News Update 7.10.07
North Carolina
In Fayetteville, the officer overseeing the case against Timothy Hennis has recommended that the rape charge be dropped. At the time of the alleged incident, military law placed a three-year statute of limitations on rape. Hennis, who was acquitted on these same charges in civilian court, will still face three counts of first-degree murder.
Even though they found him to be mentally challenged and incapable of fully understanding his criminal conduct, a Wake County jury took less than two hours to sentence Byron Waring to death yesterday. Jurors also found that Waring acted under duress and was dominated by his co-defendant, who has yet to stand trial.
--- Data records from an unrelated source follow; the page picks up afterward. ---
(* Let $m\ge1$, let $\Theta$ be a non-degenerate quadratic form of type $\pm1$ on $V=\mathbb{F}_4^{2m}$ with polar symplectic form $\langle\cdot,\cdot\rangle$, and let $\Theta^*=\mathrm{Tr}_{\mathbb{F}_4/\mathbb{F}_2}\circ\Theta$ and $\langle u,v\rangle^*=\mathrm{Tr}_{\mathbb{F}_4/\mathbb{F}_2}(\langle u,v\rangle)$, regarding $V$ as $\mathbb{F}_2^{4m}$. Let $X=\{a\in V:\Theta^*(a)=1\}$. Let $G_1$ be the graph on $X$ with $a\sim b$ iff $a\neq b$ and $\langle a,b\rangle^*=0$ (a copy of $NO^{\pm}(4m,2)$), and $G_2$ the graph on $X$ with $a\sim b$ iff $a\ne b$ and $\Theta(a+b)=\langle a,b\rangle^2$ (a copy of $NO^{\mp}(2m+1,4)$). Let $\lambda\in\mathbb{F}_4\setminus\mathbb{F}_2$ be a root of $x^2+x+1$ and $A=\{a\in\mathbb{F}_4^{2m}:\Theta(a)=\lambda\}$, $B=\{a\in\mathbb{F}_4^{2m}:\Theta(a)=\lambda+1\}$. Then $X=A\cup B$ and the Seidel switching between $G_1$ and $G_2$ is the switching with respect to the sets $A$, $B$; that is, $G_2$ is obtained from $G_1$ by Seidel switching with respect to $A$ (equivalently $B$). Moreover $|A|=|B|=2^{4m-2}\mp2^{2m-2}$, and the subgraphs induced on $A$ and on $B$ are regular of degree $2^{4m-3}\mp2^{2m-2}-1$.
   Context: For a quadratic form $\Theta$ on $\mathbb{F}_q^{n}$ ($q$ even) the polar form is $f(u,v)=\Theta(u+v)+\Theta(u)+\Theta(v)$. A form on $\mathbb{F}_q^{2m}$ is non-degenerate if $f$ is non-degenerate, of type $+1$ (hyperbolic) if its Witt index is $m$, of type $-1$ (elliptic) if it is $m-1$. Seidel switching of a graph with respect to a vertex subset $Y$ replaces all edges between $Y$ and its complement by non-edges and all such non-edges by edges, leaving the rest unchanged. Signs are read consistently (upper with upper). *)

theory Defs
  imports "HOL-Analysis.Analysis"
begin

text \<open>Polar form of a quadratic form (characteristic 2 convention of the paper).\<close>
definition polar :: "('a::field^'n \<Rightarrow> 'a) \<Rightarrow> 'a^'n \<Rightarrow> 'a^'n \<Rightarrow> 'a" where
  "polar Q u v = Q (u + v) + Q u + Q v"

definition quadratic_form :: "('a::field^'n \<Rightarrow> 'a) \<Rightarrow> bool" where
  "quadratic_form Q \<longleftrightarrow>
     (\<forall>c x. Q (c *s x) = c^2 * Q x) \<and>
     (\<forall>u v w. polar Q (u + v) w = polar Q u w + polar Q v w) \<and>
     (\<forall>c u v. polar Q (c *s u) v = c * polar Q u v) \<and>
     (\<forall>u v w. polar Q u (v + w) = polar Q u v + polar Q u w) \<and>
     (\<forall>c u v. polar Q u (c *s v) = c * polar Q u v)"

definition nondegenerate :: "('a::field^'n \<Rightarrow> 'a) \<Rightarrow> bool" where
  "nondegenerate Q \<longleftrightarrow> (\<forall>u. (\<forall>v. polar Q u v = 0) \<longrightarrow> u = 0)"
Click here to read a report produced from the Charlotte School of Law’s 2006 symposium on mental illness and the death penalty. Speakers included a range of attorneys, professors, and mental health experts. The report uses North Carolina cases to illustrate the ways in which the deck is stacked against the mentally ill in court, and particularly in death penalty cases.
Elsewhere
Amnesty International has this interview with Martina Davis-Correia, the sister of Troy Anthony Davis, who is set to be executed by Georgia for a crime many believe he did not commit. Davis-Correia speaks frankly about the effect of her brother’s death sentence on her family: “I think the worst thing for me in this situation is my mother. My mother has not done anything to anybody, not even a parking ticket. And she’s walking around right now going into barber shops to get postcards signed to try save her child. Sometimes I walk into the garage and I hear her saying her prayers. She’s on her knees and she’s crying and she’s begging God to please help my brother. And I can’t stand it.”
After 22 years behind bars, New Jersey’s Brian Halsey was freed yesterday, the 205th person exonerated based on DNA evidence. All of the biological evidence in the brutal rapes and murders of two children in 1985 points to another man, who is already in prison for other sex crimes he committed after Halsey was wrongfully convicted. Halsey narrowly escaped the death penalty, and would likely have been dead by now if prosecutors had had their way.
In Ohio, judge asks for information about the death penalty, prosecutor threatens him with legal action. Prosecutors argue that the judge shouldn’t be allowed to conduct a pretrial hearing on the constitutionality of the death penalty, rather the issue should be resolved after an inmate has been sentenced to death. That’s like saying you should only check to see if the milk is spoiled after you’ve poured it on your breakfast cereal.
In South Dakota, Elijah Page has volunteered to be executed, but there are still questions about the protocol that will be used to kill him. Vague, contradictory, and constitutionally questionable portions of the protocol create a great risk that South Dakota will botch what will be its first execution in 60 years.
In Texas, attorney asks why then-Governor Bush didn’t consider clemency for his client. Bush denied Carl Johnson’s clemency request, “as he denied the other 56 requests that were made of him by lawyers representing death row inmates. Some of these inmates were mentally retarded. Some were juveniles when they committed their crimes. Gov. Bush always gave the same explanation: that the inmates had had full access to the legal system.” Can the same thing not be said for Scooter Libby? Attorney David Dow cannot help but note that unlike Scooter Libby, Carl Johnson was sorry for what he had done.
Jerry B. Givens killed 64 people over the course of 17 years. Some he electrocuted, some he injected with lethal drugs. For all of them, he prayed. The Richmond (Virginia) Times-Dispatch offers a rare glimpse into how executions effect the executioners. On steeling himself to conduct an execution, Givens said, “How can I be myself? I’m not a natural killer. These people haven’t done anything to me. I’m not doing it out of revenge.”
In China the former head of that nation’s equivalent of the Food and Drug Administration has been executed for accepting bribes and neglecting his official duties. The highly unusual sentence came in the wake of international scandal related to tainted Chinese medicines, toys, and other products. Another top official was also sentenced to death, his sentence has been suspended.